• [Work to complete]:
The lines to repeat are those below from the one containing "by (rule eval_PrimS[OF Suc[unfolded r_triangle_def]" down to the one containing "definition r_prod_encode :: recf where", both included; reproduce them exactly and nothing else.

• [Working data]:
lemma eval_Comp4:
  "eval g1 xs y1 \<Longrightarrow> eval g2 xs y2 \<Longrightarrow> eval g3 xs y3 \<Longrightarrow> eval g4 xs y4
    \<Longrightarrow> eval f [y1, y2, y3, y4] z \<Longrightarrow> eval (Comp f [g1, g2, g3, g4]) xs z"
  by (rule eval_Comp[of _ _ "[y1, y2, y3, y4]"]) auto

lemma eval_Proj_nth: "i < length xs \<Longrightarrow> y = xs ! i \<Longrightarrow> eval (Proj i) xs y"
  using eval_Proj by simp

lemma eval_Succ_single: "eval Succ [x] (Suc x)"
  using eval_Succ[of x "[]"] .

lemma eval_Mn_least:
  assumes "\<And>z. eval f (z # xs) (g z)" and "g n = 0" and "\<And>m. m < n \<Longrightarrow> 0 < g m"
  shows "eval (Mn f) xs n"
proof (rule eval_Mn)
  show "eval f (n # xs) 0" using assms(1)[of n] assms(2) by simp
  show "\<forall>m<n. \<exists>y. eval f (m # xs) y \<and> 0 < y" using assms(1,3) by blast
qed

lemma eval_Mn_Least:
  assumes "\<And>z. eval f (z # xs) (if P z then 0 else 1)" and "\<exists>z. P z"
  shows "eval (Mn f) xs (LEAST z. P z)"
  using assms by (intro eval_Mn_least[OF assms(1)]) (auto intro: LeastI_ex dest: not_less_Least)

lemma eval_Mn_unique:
  assumes "\<And>z. eval f (z # xs) (if P z then 0 else 1)" and "P z0" and "\<And>z. P z \<Longrightarrow> z = z0"
  shows "eval (Mn f) xs z0"
proof -
  have "(LEAST z. P z) = z0"
    using assms(2,3) by (blast intro: Least_equality)
  then show ?thesis
    using eval_Mn_Least[OF assms(1)] assms(2) by auto
qed

primrec r_const :: "nat \<Rightarrow> recf" where
  "r_const 0 = Zero"
| "r_const (Suc n) = Comp Succ [r_const n]"

lemma eval_r_const: "eval (r_const n) xs n"
  by (induction n) (auto intro: eval_Zero eval_Comp1 eval_Succ_single)

definition r_add :: recf where
  "r_add = Prim (Proj 0) (Comp Succ [Proj 1])"

lemma eval_r_add: "eval r_add [a, b] (a + b)"
proof (induction a)
  case 0
  show ?case unfolding r_add_def by (auto intro!: eval_Prim0 eval_Proj_nth)
next
  case (Suc a)
  show ?case unfolding r_add_def
    by (rule eval_PrimS[OF Suc[unfolded r_add_def]])
      (auto intro!: eval_Comp1 eval_Proj_nth eval_Succ_single)
qed

definition r_pred :: recf where
  "r_pred = Prim Zero (Proj 0)"

lemma eval_r_pred: "eval r_pred [a] (a - 1)"
proof (induction a)
  case 0
  show ?case unfolding r_pred_def by (auto intro!: eval_Prim0 eval_Zero)
next
  case (Suc a)
  show ?case unfolding r_pred_def
    by (rule eval_PrimS[OF Suc[unfolded r_pred_def]]) (auto intro!: eval_Proj_nth)
qed

definition r_monus :: recf where
  "r_monus = Prim (Proj 0) (Comp r_pred [Proj 1])"

lemma eval_r_monus: "eval r_monus [b, a] (a - b)"
proof (induction b)
  case 0
  show ?case unfolding r_monus_def by (auto intro!: eval_Prim0 eval_Proj_nth)
next
  case (Suc b)
  have pred: "eval r_pred [a - b] (a - Suc b)"
    using eval_r_pred[of "a - b"] by simp
  show ?case unfolding r_monus_def
    by (rule eval_PrimS[OF Suc[unfolded r_monus_def] eval_Comp1[OF eval_Proj_nth pred]])
      simp_all
qed

definition r_triangle :: recf where
  "r_triangle = Prim Zero (Comp r_add [Comp Succ [Proj 0], Proj 1])"

lemma eval_r_triangle: "eval r_triangle [n] (triangle n)"
proof (induction n)
  case 0
  show ?case unfolding r_triangle_def by (auto intro!: eval_Prim0 eval_Zero)
next
  case (Suc n)
  have add: "eval r_add [Suc n, triangle n] (triangle (Suc n))"
    using eval_r_add[of "Suc n" "triangle n"] by (simp add: add.commute)
  show ?case unfolding r_triangle_def
    by (rule eval_PrimS[OF Suc[unfolded r_triangle_def] eval_Comp2[OF
          eval_Comp1[OF eval_Proj_nth eval_Succ_single] eval_Proj_nth add]]) simp_all
qed

definition r_prod_encode :: recf where
  "r_prod_encode = Comp r_add [Comp r_triangle [Comp r_add [Proj 0, Proj 1]], Proj 0]"

lemma eval_r_prod_encode: "eval r_prod_encode [a, b] (prod_encode (a, b))"
  unfolding r_prod_encode_def prod_encode_def
  by (auto intro!: eval_Comp1 eval_Comp2 eval_Proj_nth eval_r_add eval_r_triangle)

definition r_not :: recf where
  "r_not = Comp r_monus [Proj 0, r_const 1]"

lemma eval_r_not: "eval r_not [c] (if c = 0 then 1 else 0)"
proof -
  have "eval r_not [c] (1 - c)"
    unfolding r_not_def by (rule eval_Comp2[OF eval_Proj_nth eval_r_const eval_r_monus]) simp_all
  then show ?thesis by (cases c) simp_all
qed

lemma eval_r_not_bool: "eval r_not [if P then 1 else 0] (if P then 0 else 1)"
  using eval_r_not[of 0] eval_r_not[of 1] by (cases P) simp_all

definition r_ifz :: recf where
  "r_ifz = Prim (Proj 1) (Proj 2)"

lemma eval_r_ifz: "eval r_ifz [c, a, b] (if c = 0 then b else a)"
proof (induction c)
  case 0
  show ?case unfolding r_ifz_def by (auto intro!: eval_Prim0 eval_Proj_nth)
next
  case (Suc c)
  show ?case unfolding r_ifz_def
    by (rule eval_PrimS[OF Suc[unfolded r_ifz_def]]) (auto intro!: eval_Proj_nth)
qed

lemma eval_r_ifz_bool: "eval r_ifz [if P then 1 else 0, a, b] (if P then a else b)"
  using eval_r_ifz[of 0 a b] eval_r_ifz[of 1 a b] by (cases P) simp_all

• [Reply to the task]:
    by (rule eval_PrimS[OF Suc[unfolded r_triangle_def] eval_Comp2[OF
          eval_Comp1[OF eval_Proj_nth eval_Succ_single] eval_Proj_nth add]]) simp_all
qed

definition r_prod_encode :: recf where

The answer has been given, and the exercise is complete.